All lines from the first one in the listing below to the one holding "(\<lambda>w. f w", inclusive, are to be copied exactly.

/---

(* Let $k$ be a field of prime characteristic $p$ and $d$ a positive integer. Define $T$-spaces $S^{(d)}_n$ of $k_0\langle X\rangle$ by $S^{(d)}_1=\{S^{(d)}\}^S$ and $S^{(d)}_{n+1}=(S^{(d)}_nS^{(d)}_1)^S$ for $n\ge1$, where $S^{(d)}=S^{(d)}(x_1,\ldots,x_d)=\sum_{\sigma\in\Sigma_d}\prod_{i=1}^d x_{\sigma(i)}$. Then (i) for all $m,n\ge1$, $(S^{(d)}_mS^{(d)}_n)^S=S^{(d)}_{m+n}$; (ii) for all $m\ge1$, $S^{(d)}_{2m+1}\subseteq S^{(d)}_{m+1}+S^{(d)}_1$.
   Context: $X=\{x_1,x_2,\ldots\}$ is countably infinite; $k_0\langle X\rangle$ is the free associative (non-unital) $k$-algebra on $X$. A $T$-space is a $k$-subspace of $k_0\langle X\rangle$ invariant under every algebra endomorphism of $k_0\langle X\rangle$; $(A)^S$ is the $T$-space generated by a subset $A$. For subsets $A,B$, $AB=\{ab:a\in A,b\in B\}$. $\Sigma_d$ is the symmetric group on $d$ letters. *)

theory Defs
  imports Main "HOL-Combinatorics.Permutations" "HOL-Computational_Algebra.Primes"
begin

text \<open>The free non-unital associative algebra k_0<X> on X = {x_0, x_1, ...}:
  elements are finitely supported coefficient functions on words (lists of
  variable indices), with coefficient 0 on the empty word.\<close>

type_synonym 'k fa = "nat list \<Rightarrow> 'k"

definition FA :: "('k::field) fa set" where
  "FA = {f. finite {w. f w \<noteq> 0} \<and> f [] = 0}"

definition fa_add :: "('k::field) fa \<Rightarrow> 'k fa \<Rightarrow> 'k fa" where
  "fa_add f g = (\<lambda>w. f w + g w)"

definition fa_smult :: "'k::field \<Rightarrow> 'k fa \<Rightarrow> 'k fa" where
  "fa_smult c f = (\<lambda>w. c * f w)"

definition fa_zero :: "('k::field) fa" where
  "fa_zero = (\<lambda>w. 0)"

definition fa_mult :: "('k::field) fa \<Rightarrow> 'k fa \<Rightarrow> 'k fa" where
  "fa_mult f g = (\<lambda>w. \<Sum>i\<le>length w. f (take i w) * g (drop i w))"

definition fa_mono :: "nat list \<Rightarrow> ('k::field) fa" where
  "fa_mono v = (\<lambda>w. if w = v then 1 else 0)"

definition fa_endo :: "(('k::field) fa \<Rightarrow> 'k fa) \<Rightarrow> bool" where
  "fa_endo h \<longleftrightarrow> (\<forall>f\<in>FA. h f \<in> FA)
     \<and> (\<forall>f\<in>FA. \<forall>g\<in>FA. h (fa_add f g) = fa_add (h f) (h g))
     \<and> (\<forall>c. \<forall>f\<in>FA. h (fa_smult c f) = fa_smult c (h f))
     \<and> (\<forall>f\<in>FA. \<forall>g\<in>FA. h (fa_mult f g) = fa_mult (h f) (h g))"

definition fa_subspace :: "('k::field) fa set \<Rightarrow> bool" where
  "fa_subspace V \<longleftrightarrow> V \<subseteq> FA \<and> fa_zero \<in> V
     \<and> (\<forall>f\<in>V. \<forall>g\<in>V. fa_add f g \<in> V) \<and> (\<forall>c. \<forall>f\<in>V. fa_smult c f \<in> V)"

definition T_space :: "('k::field) fa set \<Rightarrow> bool" where
  "T_space V \<longleftrightarrow> fa_subspace V \<and> (\<forall>h. fa_endo h \<longrightarrow> (\<forall>f\<in>V. h f \<in> V))"

definition T_gen :: "('k::field) fa set \<Rightarrow> 'k fa set" where
  "T_gen A = \<Inter>{V. T_space V \<and> A \<subseteq> V}"

definition set_mult :: "('k::field) fa set \<Rightarrow> 'k fa set \<Rightarrow> 'k fa set" where
  "set_mult A B = {fa_mult a b | a b. a \<in> A \<and> b \<in> B}"

definition set_add :: "('k::field) fa set \<Rightarrow> 'k fa set \<Rightarrow> 'k fa set" where
  "set_add A B = {fa_add a b | a b. a \<in> A \<and> b \<in> B}"

definition S_poly :: "nat \<Rightarrow> ('k::field) fa" where
  "S_poly d = (\<lambda>w. \<Sum>\<sigma>\<in>{\<sigma>. \<sigma> permutes {1..d}}. fa_mono (map \<sigma> [1..<Suc d]) w)"

text \<open>S_n^(d) for n \<ge> 1 (index 0 is a junk value).\<close>
fun S_T :: "nat \<Rightarrow> nat \<Rightarrow> ('k::field) fa set" where
  "S_T d 0 = {}"
| "S_T d (Suc 0) = T_gen {S_poly d}"
| "S_T d (Suc (Suc n)) = T_gen (set_mult (S_T d (Suc n)) (S_T d (Suc 0)))"

end

theory Submission
  imports Defs
begin

text \<open>
  For \<open>\<psi> : I \<rightarrow> R\<close> with values in any ring let \<open>F(\<psi>) = \<Sum>\<^sub>\<sigma> \<Prod>\<^sub>i \<psi>(\<sigma> i)\<close> be the symmetrised
  product. For \<open>a \<in> I\<close> and \<open>J = I - {a}\<close> one has the ring identity
    \<open>M F(\<phi>) N = F(\<phi>[a := M\<phi>a]) N + \<Sum>\<^sub>j F(\<phi>[a := M\<phi>a, j := N\<phi>j]) - \<Sum>\<^sub>j F(\<phi>[a := N, j := \<phi>j M\<phi>a])
                - \<Sum>\<^sub>j M F(\<phi>[j := N\<phi>j]) + \<Sum>\<^sub>j M F(\<phi>[a := N, j := \<phi>j \<phi>a])\<close>,
  proved by expanding every term according to the position of the factor indexed by \<open>a\<close>; the
  terms then form a double sum over two positions, and the identity is a cancellation of its
  boundary rows and columns.

  An endomorphism maps \<open>S\<^sup>(\<^sup>d\<^sup>)\<close> to \<open>F(\<psi>)\<close>, where \<open>\<psi> i\<close> is the image of \<open>x\<^sub>i\<close>, so \<open>S\<^sub>1\<close> is spanned
  by these \<open>F(\<psi>)\<close>. A product of two T-spaces is closed under endomorphisms, hence \<open>S\<^sub>n\<close> is the
  linear span of the \<open>n\<close>-fold products of elements of \<open>S\<^sub>1\<close>; this gives (i). For (ii), \<open>S\<^sub>2\<^sub>m\<^sub>+\<^sub>1\<close>
  is spanned by products \<open>M F(\<psi>) N\<close> with \<open>M, N \<in> S\<^sub>m\<close>, and the identity (with \<open>a = 1\<close>) writes
  such a product as a combination of elements of \<open>S\<^sub>1 S\<^sub>m\<close>, \<open>S\<^sub>1\<close> and \<open>S\<^sub>m S\<^sub>1\<close>. The identity
  holds in every ring.
\<close>

section \<open>Symmetrised products in a ring\<close>

text \<open>\<open>sym_interleave n I \<psi> g\<close> is the sum of
  \<open>g 0 * \<psi> i\<^sub>1 * g 1 * \<dots> * \<psi> i\<^sub>n * g n\<close> over all sequences of \<open>n\<close> distinct indices
  \<open>i\<^sub>1, \<dots>, i\<^sub>n\<close> from \<open>I\<close>; with all weights \<open>g k = 1\<close> and \<open>n = card I\<close> it is the
  symmetrised product \<open>sym_prod I \<psi> = \<Sum>\<sigma>. \<Prod>i. \<psi> (\<sigma> i)\<close>. The weights \<open>spike k x\<close> put \<open>x\<close>
  into the \<open>k\<close>-th gap.\<close>

primrec sym_interleave :: "nat \<Rightarrow> 'i set \<Rightarrow> ('i \<Rightarrow> 'a::ring_1) \<Rightarrow> (nat \<Rightarrow> 'a) \<Rightarrow> 'a" where
  "sym_interleave 0 I \<psi> g = g 0"
| "sym_interleave (Suc n) I \<psi> g = (\<Sum>i\<in>I. g 0 * \<psi> i * sym_interleave n (I - {i}) \<psi> (\<lambda>k. g (Suc k)))"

\---

- Solution
(* Let $k$ be a field of prime characteristic $p$ and $d$ a positive integer. Define $T$-spaces $S^{(d)}_n$ of $k_0\langle X\rangle$ by $S^{(d)}_1=\{S^{(d)}\}^S$ and $S^{(d)}_{n+1}=(S^{(d)}_nS^{(d)}_1)^S$ for $n\ge1$, where $S^{(d)}=S^{(d)}(x_1,\ldots,x_d)=\sum_{\sigma\in\Sigma_d}\prod_{i=1}^d x_{\sigma(i)}$. Then (i) for all $m,n\ge1$, $(S^{(d)}_mS^{(d)}_n)^S=S^{(d)}_{m+n}$; (ii) for all $m\ge1$, $S^{(d)}_{2m+1}\subseteq S^{(d)}_{m+1}+S^{(d)}_1$.
   Context: $X=\{x_1,x_2,\ldots\}$ is countably infinite; $k_0\langle X\rangle$ is the free associative (non-unital) $k$-algebra on $X$. A $T$-space is a $k$-subspace of $k_0\langle X\rangle$ invariant under every algebra endomorphism of $k_0\langle X\rangle$; $(A)^S$ is the $T$-space generated by a subset $A$. For subsets $A,B$, $AB=\{ab:a\in A,b\in B\}$. $\Sigma_d$ is the symmetric group on $d$ letters. *)

theory Defs
  imports Main "HOL-Combinatorics.Permutations" "HOL-Computational_Algebra.Primes"
begin

text \<open>The free non-unital associative algebra k_0<X> on X = {x_0, x_1, ...}:
  elements are finitely supported coefficient functions on words (lists of
  variable indices), with coefficient 0 on the empty word.\<close>

type_synonym 'k fa = "nat list \<Rightarrow> 'k"

definition FA :: "('k::field) fa set" where
  "FA = {f. finite {w. f w \<noteq> 0} \<and> f [] = 0}"

definition fa_add :: "('k::field) fa \<Rightarrow> 'k fa \<Rightarrow> 'k fa" where
  "fa_add f g = (\<lambda>w. f w + g w)"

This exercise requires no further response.